WORK TASK: All of the entries need to be copied character for character.

SOURCE RECORDS:
lemma fls_stabilizer_eq_roots_of_unity:
  fixes w :: "'k::{alg_closed_field, field_char_0} fls"
  assumes n: "n > 0"
  shows "fls_stabilizer n w = roots_of_unity (card (fls_stabilizer n w))"
proof -
  define S where "S = fls_stabilizer n w"
  have nz: "s \<noteq> 0" if "s \<in> S" for s
    using that roots_of_unity_nonzero[OF n] by (auto simp: S_def fls_stabilizer_def)
  have fin: "finite S"
    using finite_roots_of_unity[OF n] unfolding S_def fls_stabilizer_def by (rule rev_finite_subset) auto
  have "card S > 0"
    using fin by (auto simp: card_gt_0_iff S_def fls_stabilizer_def intro!: exI[of _ 1])
  have "S \<subseteq> roots_of_unity (card S)"
  proof
    fix x assume "x \<in> S"
    have "x ^ card S = 1"
    proof (rule finite_mult_subgroup_power_card[OF fin _ _ _ \<open>x \<in> S\<close>])
      show "0 \<notin> S" using nz by blast
      show "x * y \<in> S" if "x \<in> S" "y \<in> S" for x y
        using that nz by (auto simp: S_def fls_stabilizer_def roots_of_unity_mult simp flip: fls_scale_scale)
      show "inverse x \<in> S" if "x \<in> S" for x
        using that nz[OF that] fls_scale_scale[of "inverse x" x w]
        by (auto simp: S_def fls_stabilizer_def roots_of_unity_inverse)
    qed
    then show "x \<in> roots_of_unity (card S)" by (simp add: roots_of_unity_def)
  qed
  then show ?thesis
    using card_subset_eq[OF finite_roots_of_unity[OF \<open>card S > 0\<close>, where 'k='k]]
      card_roots_of_unity[OF \<open>card S > 0\<close>, where 'k='k]
    by (simp add: S_def)
qed

text \<open>A root at any level \<open>n\<close> yields one at level \<open>deg P\<close>: the stabilizer of the root is the group
  of \<open>t\<close>-th roots of unity with \<open>n = t \<cdot> deg P\<close>, so the root is a series in \<open>X\<^sup>t\<close>.\<close>

lemma subsX_degree_has_root:
  fixes P :: "'k::{alg_closed_field, field_char_0} R"
  assumes P: "P \<in> Rnat" and n: "n > 0" and w: "poly (subsX n P) w = 0"
  shows "\<exists>w'. poly (subsX (degree P) P) w' = 0"
proof -
  define t where "t = card (fls_stabilizer n w)"
  have n_eq: "n = degree P * t"
    using card_roots_of_unity_orbit_stabilizer[OF n, of w] card_roots_of_unity[OF n, where 'k='k]
      card_fls_orbit[OF P n w] by (simp add: t_def)
  then have "t > 0" "degree P > 0" using n by simp_all
  have "fls_compose_power (fls_decimate t w) t = w"
  proof (rule fls_compose_power_decimate[OF \<open>t > 0\<close>])
    show "fls_scale u w = w" if "u \<in> roots_of_unity t" for u
      using that fls_stabilizer_eq_roots_of_unity[OF n, of w] by (auto simp: t_def fls_stabilizer_def)
  qed
  then have "poly (subsX n P) w = fls_compose_power (poly (subsX (degree P) P) (fls_decimate t w)) t"
    using n_eq \<open>t > 0\<close> \<open>degree P > 0\<close> by (metis poly_subsX subsX_subsX)
  then show ?thesis using w \<open>t > 0\<close> by auto
qed

theorem subsX_degree_splits:
  fixes P :: "'k::{alg_closed_field, field_char_0} R"
  assumes P: "P \<in> Rnat"
  shows "\<exists>w. subsX (degree P) P = (\<Prod>u\<in>roots_of_unity (degree P). [:- fls_scale u w, 1:]) \<and>
    inj_on (\<lambda>u. fls_scale u w) (roots_of_unity (degree P))"
proof -
  have d: "lead_coeff P = 1" "degree P > 0" using P by (auto simp: Rnat_def)
  obtain n z where "n > 0" "poly (subsX n P) z = 0"
    using puiseux_root[of P] d by auto
  then obtain w where w: "poly (subsX (degree P) P) w = 0"
    using subsX_degree_has_root[OF P] by blast
  have inj: "inj_on (\<lambda>u. fls_scale u w) (roots_of_unity (degree P))"
    using card_fls_orbit[OF P d(2) w] finite_roots_of_unity[OF d(2)] card_roots_of_unity[OF d(2), where 'k='k]
    by (intro eq_card_imp_inj_on) (simp_all add: fls_orbit_def)
  have "subsX (degree P) P = (\<Prod>v\<in>fls_orbit (degree P) w. [:-v, 1:])"
    using subsX_eq_orbit_prod[OF P d(2) w] .
  also have "\<dots> = (\<Prod>u\<in>roots_of_unity (degree P). [:- fls_scale u w, 1:])"
    unfolding fls_orbit_def using inj by (simp add: prod.reindex)
  finally show ?thesis using inj by blast
qed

REPLY TO THE EXERCISE:
lemma fls_stabilizer_eq_roots_of_unity:
  fixes w :: "'k::{alg_closed_field, field_char_0} fls"
  assumes n: "n > 0"
  shows "fls_stabilizer n w = roots_of_unity (card (fls_stabilizer n w))"
proof -
  define S where "S = fls_stabilizer n w"
  have nz: "s \<noteq> 0" if "s \<in> S" for s
    using that roots_of_unity_nonzero[OF n] by (auto simp: S_def fls_stabilizer_def)
  have fin: "finite S"
    using finite_roots_of_unity[OF n] unfolding S_def fls_stabilizer_def by (rule rev_finite_subset) auto
  have "card S > 0"
    using fin by (auto simp: card_gt_0_iff S_def fls_stabilizer_def intro!: exI[of _ 1])
  have "S \<subseteq> roots_of_unity (card S)"
  proof
    fix x assume "x \<in> S"
    have "x ^ card S = 1"
    proof (rule finite_mult_subgroup_power_card[OF fin _ _ _ \<open>x \<in> S\<close>])
      show "0 \<notin> S" using nz by blast
      show "x * y \<in> S" if "x \<in> S" "y \<in> S" for x y
        using that nz by (auto simp: S_def fls_stabilizer_def roots_of_unity_mult simp flip: fls_scale_scale)
      show "inverse x \<in> S" if "x \<in> S" for x
        using that nz[OF that] fls_scale_scale[of "inverse x" x w]
        by (auto simp: S_def fls_stabilizer_def roots_of_unity_inverse)
    qed
    then show "x \<in> roots_of_unity (card S)" by (simp add: roots_of_unity_def)
  qed
  then show ?thesis
    using card_subset_eq[OF finite_roots_of_unity[OF \<open>card S > 0\<close>, where 'k='k]]
      card_roots_of_unity[OF \<open>card S > 0\<close>, where 'k='k]
    by (simp add: S_def)
qed

text \<open>A root at any level \<open>n\<close> yields one at level \<open>deg P\<close>: the stabilizer of the root is the group
  of \<open>t\<close>-th roots of unity with \<open>n = t \<cdot> deg P\<close>, so the root is a series in \<open>X\<^sup>t\<close>.\<close>

lemma subsX_degree_has_root:
  fixes P :: "'k::{alg_closed_field, field_char_0} R"
  assumes P: "P \<in> Rnat" and n: "n > 0" and w: "poly (subsX n P) w = 0"
  shows "\<exists>w'. poly (subsX (degree P) P) w' = 0"
proof -
  define t where "t = card (fls_stabilizer n w)"
  have n_eq: "n = degree P * t"
    using card_roots_of_unity_orbit_stabilizer[OF n, of w] card_roots_of_unity[OF n, where 'k='k]
      card_fls_orbit[OF P n w] by (simp add: t_def)
  then have "t > 0" "degree P > 0" using n by simp_all
  have "fls_compose_power (fls_decimate t w) t = w"
  proof (rule fls_compose_power_decimate[OF \<open>t > 0\<close>])
    show "fls_scale u w = w" if "u \<in> roots_of_unity t" for u
      using that fls_stabilizer_eq_roots_of_unity[OF n, of w] by (auto simp: t_def fls_stabilizer_def)
  qed
  then have "poly (subsX n P) w = fls_compose_power (poly (subsX (degree P) P) (fls_decimate t w)) t"
    using n_eq \<open>t > 0\<close> \<open>degree P > 0\<close> by (metis poly_subsX subsX_subsX)
  then show ?thesis using w \<open>t > 0\<close> by auto
qed

theorem subsX_degree_splits:
  fixes P :: "'k::{alg_closed_field, field_char_0} R"
  assumes P: "P \<in> Rnat"
  shows "\<exists>w. subsX (degree P) P = (\<Prod>u\<in>roots_of_unity (degree P). [:- fls_scale u w, 1:]) \<and>
    inj_on (\<lambda>u. fls_scale u w) (roots_of_unity (degree P))"
proof -
  have d: "lead_coeff P = 1" "degree P > 0" using P by (auto simp: Rnat_def)
  obtain n z where "n > 0" "poly (subsX n P) z = 0"
    using puiseux_root[of P] d by auto
  then obtain w where w: "poly (subsX (degree P) P) w = 0"
    using subsX_degree_has_root[OF P] by blast
  have inj: "inj_on (\<lambda>u. fls_scale u w) (roots_of_unity (degree P))"
    using card_fls_orbit[OF P d(2) w] finite_roots_of_unity[OF d(2)] card_roots_of_unity[OF d(2), where 'k='k]
    by (intro eq_card_imp_inj_on) (simp_all add: fls_orbit_def)
  have "subsX (degree P) P = (\<Prod>v\<in>fls_orbit (degree P) w. [:-v, 1:])"
    using subsX_eq_orbit_prod[OF P d(2) w] .
  also have "\<dots> = (\<Prod>u\<in>roots_of_unity (degree P). [:- fls_scale u w, 1:])"
    unfolding fls_orbit_def using inj by (simp add: prod.reindex)
  finally show ?thesis using inj by blast
qed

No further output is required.